[WHAT IS NEEDED] Copy each line of the following data that contains "omega".

[Stored items]
[Start of Attachment]

lemma infinite_circle_through_base_complement:
  assumes F: "finite_circle_free F" "F \<subseteq> fan_edges m"
    and B: "maximal_in (fan_indep m) B" "B \<subseteq> F" and e: "e \<in> F - B" "e \<in> block b"
  obtains t where "infinite_circle b t \<subseteq> insert e B" "e \<in> infinite_circle b t"
proof -
  have "insert e B \<notin> fan_indep m" using maximal_in_insert_notin[OF B(1)] e(1) by blast
  moreover have "insert e B \<subseteq> F" using B(2) e(1) by blast
  ultimately have "\<not> infinite_circle_free (insert e B)"
    using F finite_circle_free_subset[OF F(1)] unfolding fan_indep_def by blast
  then obtain b' t where C: "infinite_circle b' t \<subseteq> insert e B"
    unfolding infinite_circle_free_def by blast
  have "infinite_circle_free B" using B(1) by (simp add: maximal_in_def fan_indep_def)
  then have "e \<in> infinite_circle b' t" using C unfolding infinite_circle_free_def by blast
  moreover have "b' = b"
    using calculation e(2) infinite_circle_subset_block block_disjoint by blast
  ultimately show ?thesis using that C by blast
qed

lemma base_complement_in_block_subsingleton:
  assumes F: "finite_circle_free F" "F \<subseteq> fan_edges m"
    and B: "maximal_in (fan_indep m) B" "B \<subseteq> F"
  shows "\<exists>e. (F - B) \<inter> block b \<subseteq> {e}"
proof -
  have "e1 = e2" if e: "e1 \<in> (F - B) \<inter> block b" "e2 \<in> (F - B) \<inter> block b" for e1 e2
  proof -
    obtain t1 where t1: "infinite_circle b t1 \<subseteq> insert e1 B"
      using infinite_circle_through_base_complement[OF F B] e(1) by blast
    obtain t2 where t2: "infinite_circle b t2 \<subseteq> insert e2 B" "e2 \<in> infinite_circle b t2"
      using infinite_circle_through_base_complement[OF F B] e(2) by blast
    have "infinite_circle b t1 \<subseteq> F" "infinite_circle b t2 \<subseteq> F" using t1 t2(1) e B(2) by blast+
    then have "t1 = t2" by (rule infinite_circle_unique[OF F(1)])
    then have "e2 \<in> insert e1 B" using t1 t2(2) by blast
    then show "e1 = e2" using e(2) by blast
  qed
  then show ?thesis by (cases "(F - B) \<inter> block b = {}") blast+
qed

lemma base_complement_card_le:
  assumes F: "finite_circle_free F" "F \<subseteq> fan_edges m"
    and B: "maximal_in (fan_indep m) B" "B \<subseteq> F"
  shows "finite (F - B)" "card (F - B) \<le> m"
proof -
  have parts: "finite ((F - B) \<inter> block b) \<and> card ((F - B) \<inter> block b) \<le> 1" for b
  proof -
    obtain e where e: "(F - B) \<inter> block b \<subseteq> {e}"
      using base_complement_in_block_subsingleton[OF F B] by blast
    then have "card ((F - B) \<inter> block b) \<le> card {e}" by (intro card_mono) auto
    then show ?thesis using e finite_subset by auto
  qed
  have blocks: "F - B = (\<Union>b<m. (F - B) \<inter> block b)" using F(2) unfolding fan_edges_def by blast
  show "finite (F - B)" by (subst blocks, rule finite_UN_I) (simp_all add: parts)
  have "card (F - B) \<le> (\<Sum>b<m. card ((F - B) \<inter> block b))"
    by (subst blocks) (rule card_UN_le, simp)
  also have "\<dots> \<le> m" using sum_mono[of "{..<m}" "\<lambda>b. card ((F - B) \<inter> block b)" "\<lambda>_. 1"] parts by simp
  finally show "card (F - B) \<le> m" .
qed

definition split_base :: "nat \<Rightarrow> nat \<Rightarrow> nat set set" where
  "split_base m j = (\<Union>b<j. range (rim b)) \<union> (\<Union>b\<in>{j..<m}. range (spoke b))"

definition split_fin_base :: "nat \<Rightarrow> nat \<Rightarrow> nat set set" where
  "split_fin_base m j = split_base m j \<union> (\<lambda>b. spoke b 0) ` {..<j}"

lemma rim_in_split_base_iff [simp]: "rim b k \<in> split_base m j \<longleftrightarrow> b < j"
  by (auto simp: split_base_def)

lemma spoke_in_split_base_iff [simp]: "spoke b k \<in> split_base m j \<longleftrightarrow> j \<le> b \<and> b < m"
  by (auto simp: split_base_def)

lemma rim_in_split_fin_base_iff [simp]: "rim b k \<in> split_fin_base m j \<longleftrightarrow> b < j"
  by (auto simp: split_fin_base_def)

lemma spoke_in_split_fin_base_iff [simp]:
  "spoke b k \<in> split_fin_base m j \<longleftrightarrow> b < j \<and> k = 0 \<or> j \<le> b \<and> b < m"
  by (auto simp: split_fin_base_def)

lemma split_base_subset_fan_edges: "j \<le> m \<Longrightarrow> split_base m j \<subseteq> fan_edges m"
  by (auto simp: split_base_def)

lemma split_fin_base_subset_fan_edges: "j \<le> m \<Longrightarrow> split_fin_base m j \<subseteq> fan_edges m"
  by (auto simp: split_fin_base_def split_base_def)

lemma split_fin_base_diff: "split_fin_base m j - split_base m j = (\<lambda>b. spoke b 0) ` {..<j}"
  by (auto simp: split_fin_base_def)

lemma ecard_split_fin_base_diff: "ecard (split_fin_base m j - split_base m j) = enat j"
proof -
  have "inj_on (\<lambda>b. spoke b 0) {..<j}" by (simp add: inj_on_def)
  then show ?thesis by (simp add: split_fin_base_diff ecard_def card_image)
qed

lemma base_split_base:
  assumes "j \<le> m"
  shows "base (fan_indep m) (split_base m j)"
  unfolding base_def
proof (rule maximal_inI_insert[where E = "fan_edges m" and K = "fan_indep m"])
  show "split_base m j \<in> fan_indep m"
    unfolding fan_indep_iff_gaps using split_base_subset_fan_edges[OF assms] by auto
  fix x assume x: "x \<in> fan_edges m - split_base m j"
  then show "insert x (split_base m j) \<notin> fan_indep m"
  proof (cases rule: fan_edges_cases[OF DiffD1[OF x]])
    case (1 b k)
    then have "finite_circle b k (Suc k) \<subseteq> insert x (split_base m j)"
      using x by (auto simp: finite_circle_def)
    then show ?thesis unfolding fan_indep_def finite_circle_free_def by blast
  next
    case (2 b k)
    then have "infinite_circle b k \<subseteq> insert x (split_base m j)"
      using x by (auto simp: infinite_circle_def)
    then show ?thesis unfolding fan_indep_def infinite_circle_free_def by blast
  qed
next
  show "T \<subseteq> fan_edges m" if "T \<in> fan_indep m" for T
    using that by (simp add: fan_indep_def)
  show "U \<in> fan_indep m" if "T \<in> fan_indep m" "U \<subseteq> T" for T U
    using that by (rule fan_indep_subset)
qed
lemma square_zero_even_annihilates_odd:
  assumes x: "x \<in> K \<inter> A0" and p: "p \<in> A1"
  shows "mul x p = 0"
proof (rule zero_if_orthogonal_to_homogeneous_products)
  have z: "mul x p \<in> A1" using x p mul_even_odd by blast
  fix c d assume "c \<in> A0 \<union> A1" "d \<in> A0 \<union> A1"
  then consider "c \<in> A0" "d \<in> A0" | "c \<in> A0" "d \<in> A1" | "c \<in> A1" "d \<in> A0" | "c \<in> A1" "d \<in> A1"
    by blast
  then show "B (mul x p) (mul c d) = 0"
  proof cases
    case 2
    have "B (mul x p) (mul c d) = - B c (mul d (mul x p))"
      using B_odd_antisym[OF z] by (simp add: B_mul_assoc)
    with 2 x p show ?thesis by (simp add: square_zero_odd_sandwich)
  next
    case 3
    have "B (mul x p) (mul c d) = B (mul x (mul p c)) d"
      by (simp add: B_mul_assoc mul_assoc)
    with 3 x p mul_odd_odd show ?thesis by (simp add: square_zero_even_annihilates_even)
  qed (use z in \<open>simp_all add: B_odd_even mul_even_even mul_odd_odd\<close>)
qed

lemma square_zero_even_part_zero:
  assumes x: "x \<in> K \<inter> A0"
  shows "x = 0"
proof (rule zero_if_orthogonal_to_homogeneous_products)
  fix c d assume "c \<in> A0 \<union> A1" "d \<in> A0 \<union> A1"
  then consider "c \<in> A0" "d \<in> A0" | "c \<in> A0" "d \<in> A1" | "c \<in> A1" "d \<in> A0" | "c \<in> A1" "d \<in> A1"
    by blast
  then show "B x (mul c d) = 0"
  proof cases
    case 1
    with x show ?thesis by (simp add: square_zero_even_annihilates_even flip: B_mul_assoc)
  next
    case 4
    with x show ?thesis by (simp add: square_zero_even_annihilates_odd flip: B_mul_assoc)
  qed (use x in \<open>simp_all add: B_even_odd mul_even_odd mul_odd_even\<close>)
qed

lemma square_zero_odd_part_zero:
  assumes z: "z \<in> K \<inter> A1"
  shows "z = 0"
proof (rule zero_if_orthogonal_to_homogeneous_products)
  fix c d assume "c \<in> A0 \<union> A1" "d \<in> A0 \<union> A1"
  then consider "c \<in> A0" "d \<in> A0" | "c \<in> A0" "d \<in> A1" | "c \<in> A1" "d \<in> A0" | "c \<in> A1" "d \<in> A1"
    by blast
  then show "B z (mul c d) = 0"
  proof cases
    case 2
    then have "mul d z = 0"
      using z gr_idealD(2)[OF K] mul_odd_odd square_zero_even_part_zero by blast
    then show ?thesis using B_odd_antisym[of z "mul c d"] z by (simp add: B_mul_assoc)
  next
    case 3
    then have "mul z c = 0"
      using z gr_idealD(3)[OF K] mul_odd_odd square_zero_even_part_zero by blast
    then show ?thesis by (simp flip: B_mul_assoc)
  qed (use z in \<open>simp_all add: B_odd_even mul_even_even mul_odd_odd\<close>)
qed

lemma square_zero_graded_ideal_trivial: "K = {0}"
proof -
  have "j = 0" if "j \<in> K" for j
    using gr_idealD(4)[OF K that] square_zero_even_part_zero square_zero_odd_part_zero by force
  then show ?thesis using subspace_0[OF gr_idealD(1)[OF K]] by blast
qed

end

lemma ideal_Int_perp_trivial:
  assumes I: "gr_ideal I"
  shows "I \<inter> perp I = {0}"
proof (rule square_zero_graded_ideal_trivial)
  show "gr_ideal (I \<inter> perp I)"
    using I by (simp add: graded_ideal_Int graded_ideal_perp)
  show "mul x y = 0" if "x \<in> I \<inter> perp I" "y \<in> I \<inter> perp I" for x y
    using that mul_ideal_perp_zero(1)[OF I] by blast
qed
lemma coev_spans:
  assumes V: "abs_simple C V" and dual: "left_dual C V"
  shows "hom_line C (unit C) (otens C V (dual C V)) (coev C V)"
proof -
  let ?D = "dual C V" and ?X = "otens C V (dual C V)"
  have VO: "V \<in> Obj C" using V unfolding abs_simple_def by blast
  have D: "?D \<in> Obj C" and co: "coev C V \<in> Hom C (unit C) ?X"
    and ev: "ev C V \<in> Hom C (otens C ?D V) (unit C)"
    using dual unfolding left_dual_def by blast+
  have IV: "idm C V \<in> Hom C V V" and ID: "idm C ?D \<in> Hom C ?D ?D" using id_hom VO D by blast+
  have "f \<in> {msmult C s (coev C V) | s. True}" if f: "f \<in> Hom C (unit C) ?X" for f
  proof -
    have "mtens C (idm C V) (ev C V) \<in> Hom C (otens C V (otens C ?D V)) V"
      using tens_hom[OF IV ev] by (simp add: otens_unit VO)
    moreover have "mtens C f (idm C V) \<in> Hom C V (otens C V (otens C ?D V))"
      using tens_hom[OF f IV] by (simp add: otens_assoc otens_unit VO D)
    ultimately have "cmp C (mtens C (idm C V) (ev C V)) (mtens C f (idm C V)) \<in> Hom C V V"
      using comp_hom by blast
    then obtain s where s: "cmp C (mtens C (idm C V) (ev C V)) (mtens C f (idm C V))
        = msmult C s (idm C V)"
      using V unfolding abs_simple_def bij_betw_def by blast
    have "f = cmp C (mtens C (msmult C s (idm C V)) (idm C ?D)) (coev C V)"
      using coev_absorbs[OF VO dual f] s by simp
    also have "\<dots> = msmult C s (coev C V)"
      using tens_smultl[OF IV ID] tens_id[OF VO D] comp_smultl[OF co] id_hom[OF otens_obj[OF VO D]]
        id_l[OF co] by simp
    finally show ?thesis by blast
  qed
  then show ?thesis
    using co coev_nonzero[OF V dual] smult_hom[OF co] unfolding hom_line_def by blast
qed
lemma in_Q_ext_path_last_unit:
  assumes d: "1 \<le> d" and m: "1 \<le> m" and "gcd (detm d C) (Delta C d) = 1"
    and small: "\<bar>t\<bar> < \<bar>detm d C + int m * Delta C d\<bar>"
    and "in_Q (d + m) (ext_path C d) (\<lambda>i. if i = d + m then t else 0)"
  shows "t = 0"
proof -
  obtain g where "\<forall>i\<in>{1..d + m}. mat_apply (d + m) (ext_path C d) g i = (if i = d + m then t else 0)"
    using assms(5) unfolding in_Q_def by force
  from ext_path_eq_last_unit_slope[OF d m this]
  have "(detm d C + int m * Delta C d) dvd t * Delta C d" by simp
  moreover have "coprime (detm d C + int m * Delta C d) (Delta C d)"
    using assms(3) gcd_add_mult[of "Delta C d" "int m" "detm d C"]
    by (simp add: coprime_iff_gcd_eq_1 gcd.commute add.commute)
  ultimately have "(detm d C + int m * Delta C d) dvd t"
    by (simp add: coprime_dvd_mult_left_iff)
  then show "t = 0"
    using small dvd_imp_le_int by force
qed

lemma sum_unit_combination:
  fixes u a :: "nat \<Rightarrow> int"
  assumes "i \<in> {1..n}"
  shows "(\<Sum>p\<in>{1..n}. u p * (- x * (if i = p then 1 else 0) - a p * (if i = n then 1 else 0))) =
         - x * u i - (if i = n then (\<Sum>p\<in>{1..n}. u p * a p) else 0)"
proof -
  have "(\<Sum>p\<in>{1..n}. u p * (- x * (if i = p then 1 else 0) - a p * (if i = n then 1 else 0))) =
        (\<Sum>p\<in>{1..n}. (if p = i then - x * u p else 0) - (if i = n then u p * a p else 0))"
    by (rule sum.cong) (auto simp: algebra_simps)
  then show ?thesis
    using assms by (cases "i = n") (simp_all add: sum_subtractf)
qed

lemma in_Q_ext_path_eventually_const:
  assumes d: "1 \<le> d" and l: "d \<le> l" "l < n"
    and u0: "\<forall>i>l. u i = 0" and Bs: "\<forall>j\<ge>l. B j = s"
    and u: "\<forall>i\<in>{1..l}. u i = ext_apply C d B i"
  shows "in_Q n (ext_path C d) (\<lambda>i. u i + (if i = n then s else 0))"
  unfolding in_Q_def
proof (intro exI[of _ B] ballI)
  fix i assume i: "i \<in> {1..n}"
  show "u i + (if i = n then s else 0) = mat_apply n (ext_path C d) B i"
  proof (cases "i < n")
    case True
    then have "mat_apply n (ext_path C d) B i = ext_apply C d B i"
      using d l by (intro ext_path_apply) auto
    then show ?thesis
      using True i u u0 Bs l by (cases "i \<le> l") (auto simp: ext_apply_def)
  next
    case False
    then show ?thesis
      using i l d u0 Bs ext_path_apply_path[OF d, of n n C B] by simp
  qed
qed
lemma last_nonzero_below_gen:
  assumes lnz: "last_nonzero_below x n a" and "a \<noteq> 0"
  shows "last_nonzero_below (gen i x) n a \<or> (\<forall>q<n. gen i x q = 0)"
proof -
  obtain l where l: "l < n" "x l = a" "\<forall>q. l < q \<and> q < n \<longrightarrow> x q = 0"
    using lnz unfolding last_nonzero_below_def by blast
  obtain f where f: "f \<le> l" "x f \<noteq> 0" "\<forall>m<f. x m = 0"
    using first_nonzero_exists[of x l] l(2) \<open>a \<noteq> 0\<close> by metis
  have y: "gen i x = (\<lambda>q. if q < f then i else if q = f \<and> x f = i then 0 else x q)"
    using gen_at_first_nonzero f(2,3) .
  consider "f \<noteq> l \<or> a \<noteq> i" | "f = l" "a = i" "0 < l" | "f = l" "a = i" "l = 0" by blast
  then show ?thesis
  proof cases
    case 1
    then have "last_nonzero_below (gen i x) n a"
      unfolding last_nonzero_below_def y using l f(1) by (intro exI[of _ l]) auto
    then show ?thesis ..
  next
    case 2
    then have "last_nonzero_below (gen i x) n a"
      unfolding last_nonzero_below_def y using l by (intro exI[of _ "l - 1"]) auto
    then show ?thesis ..
  next
    case 3
    then show ?thesis unfolding y using l by auto
  qed
qed
(* Let $X_1$ and $X_2$ be independent continuous random variables with densities $f_{X_1},f_{X_2}$ that are symmetric around their respective means and positive on all of $\mathbb{R}$. For $\theta\in[0,1]$ and $w\in[0,1]$ define $$L(w\mid\theta)=\theta\,\mathbf{E}\big[X_1^2\,\mathbf{1}\big((1-w)X_2^2\ge wX_1^2\big)\big]+(1-\theta)\,\mathbf{E}\big[X_2^2\,\mathbf{1}\big((1-w)X_2^2<wX_1^2\big)\big].$$ Then for each fixed $\theta\in[0,1]$, the function $w\mapsto L(w\mid\theta)$ is strictly quasi-convex and is minimized at $w^\star=\theta$.
   Context: $\mathbf{1}(\cdot)$ denotes the indicator function of an event. *)

theory Defs
  imports "HOL-Probability.Probability"
begin

definition loss :: "'a measure \<Rightarrow> ('a \<Rightarrow> real) \<Rightarrow> ('a \<Rightarrow> real) \<Rightarrow> real \<Rightarrow> real \<Rightarrow> real" where
  "loss M X1 X2 \<theta> w =
     \<theta> * integral\<^sup>L M (\<lambda>\<omega>. (X1 \<omega>)^2 * indicator {\<omega>. (1 - w) * (X2 \<omega>)^2 \<ge> w * (X1 \<omega>)^2} \<omega>)
   + (1 - \<theta>) * integral\<^sup>L M (\<lambda>\<omega>. (X2 \<omega>)^2 * indicator {\<omega>. (1 - w) * (X2 \<omega>)^2 < w * (X1 \<omega>)^2} \<omega>)"

definition strictly_quasiconvex_on :: "real set \<Rightarrow> (real \<Rightarrow> real) \<Rightarrow> bool" where
  "strictly_quasiconvex_on S f \<longleftrightarrow>
     (\<forall>x\<in>S. \<forall>y\<in>S. \<forall>t. x \<noteq> y \<and> 0 < t \<and> t < 1 \<longrightarrow>
        f ((1 - t) * x + t * y) < max (f x) (f y))"

end

theory Submission
  imports Defs
begin

(* Let R = X2^2 / (X1^2 + X2^2). For w < w', passing from w to w' only changes the integrand
   of L on the event w <= R < w', where it changes by (1 - theta) X2^2 - theta X1^2, a quantity of
   the sign of R - theta. Hence the increment L(w') - L(w) is an integral of a function of
   constant sign, which is strictly signed on {w < R < w'}. That event has positive probability:
   it is the preimage under (X1, X2) of a nonempty open subset of the plane, and independent
   variables with everywhere positive densities charge every such set. So L strictly decreases on
   [0, theta] and strictly increases on [theta, 1], which gives both claims. *)

lemma convex_combination_between:
  fixes u v t :: real
  assumes "u < v" "0 < t" "t < 1"
  shows "u < (1 - t) * u + t * v" and "(1 - t) * u + t * v < v"
proof -
  have "0 < t * (v - u)" "0 < (1 - t) * (v - u)" using assms by simp_all
  then show "u < (1 - t) * u + t * v" "(1 - t) * u + t * v < v" by (simp_all add: algebra_simps)
qed

lemma strictly_quasiconvex_onI_between:
  assumes "\<And>x y z. x \<in> S \<Longrightarrow> y \<in> S \<Longrightarrow> x < z \<Longrightarrow> z < y \<Longrightarrow> f z < max (f x) (f y)"
  shows "strictly_quasiconvex_on S f"
  unfolding strictly_quasiconvex_on_def
proof (intro ballI allI impI)
  fix x y t :: real
  assume x: "x \<in> S" and y: "y \<in> S" and xyt: "x \<noteq> y \<and> 0 < t \<and> t < 1"
  show "f ((1 - t) * x + t * y) < max (f x) (f y)"
  proof (cases "x < y")
    case True
    then show ?thesis using assms[OF x y] convex_combination_between[of x y t] xyt by simp
  next
    case False
    then have "y < x" using xyt by simp
    moreover have "(1 - t) * x + t * y = (1 - (1 - t)) * y + (1 - t) * x" by simp
    ultimately show ?thesis
      using assms[OF y x] convex_combination_between[of y x "1 - t"] xyt
      by (simp add: max.commute)
  qed
qed

lemma strictly_quasiconvex_on_valley:
  assumes "strict_antimono_on {a..c} f" and "strict_mono_on {c..b} f"
  shows "strictly_quasiconvex_on {a..b} f"
proof (rule strictly_quasiconvex_onI_between)
  fix x y z assume "x \<in> {a..b}" "y \<in> {a..b}" "x < z" "z < y"
  then show "f z < max (f x) (f y)"
    using monotone_onD[OF assms(1), of x z] strict_mono_onD[OF assms(2), of z y]
    by (cases "z \<le> c") auto
qed

lemma strict_valley_minimum:
  fixes f :: "'a::linorder \<Rightarrow> 'b::order"
  assumes "strict_antimono_on {a..c} f" and "strict_mono_on {c..b} f" and "w \<in> {a..b}"
  shows "f c \<le> f w"
  using monotone_onD[OF assms(1), of w c] strict_mono_onD[OF assms(2), of c w] assms(3)
  by (cases w c rule: linorder_cases) (auto intro!: less_imp_le)

definition loss_integrand :: "real \<Rightarrow> real \<Rightarrow> real \<Rightarrow> real \<Rightarrow> real" where
  "loss_integrand \<theta> w x y =
     \<theta> * (x^2 * of_bool ((1 - w) * y^2 \<ge> w * x^2)) + (1 - \<theta>) * (y^2 * of_bool ((1 - w) * y^2 < w * x^2))"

[End of Attachment]

[RESULT]
     \<theta> * integral\<^sup>L M (\<lambda>\<omega>. (X1 \<omega>)^2 * indicator {\<omega>. (1 - w) * (X2 \<omega>)^2 \<ge> w * (X1 \<omega>)^2} \<omega>)
   + (1 - \<theta>) * integral\<^sup>L M (\<lambda>\<omega>. (X2 \<omega>)^2 * indicator {\<omega>. (1 - w) * (X2 \<omega>)^2 < w * (X1 \<omega>)^2} \<omega>)"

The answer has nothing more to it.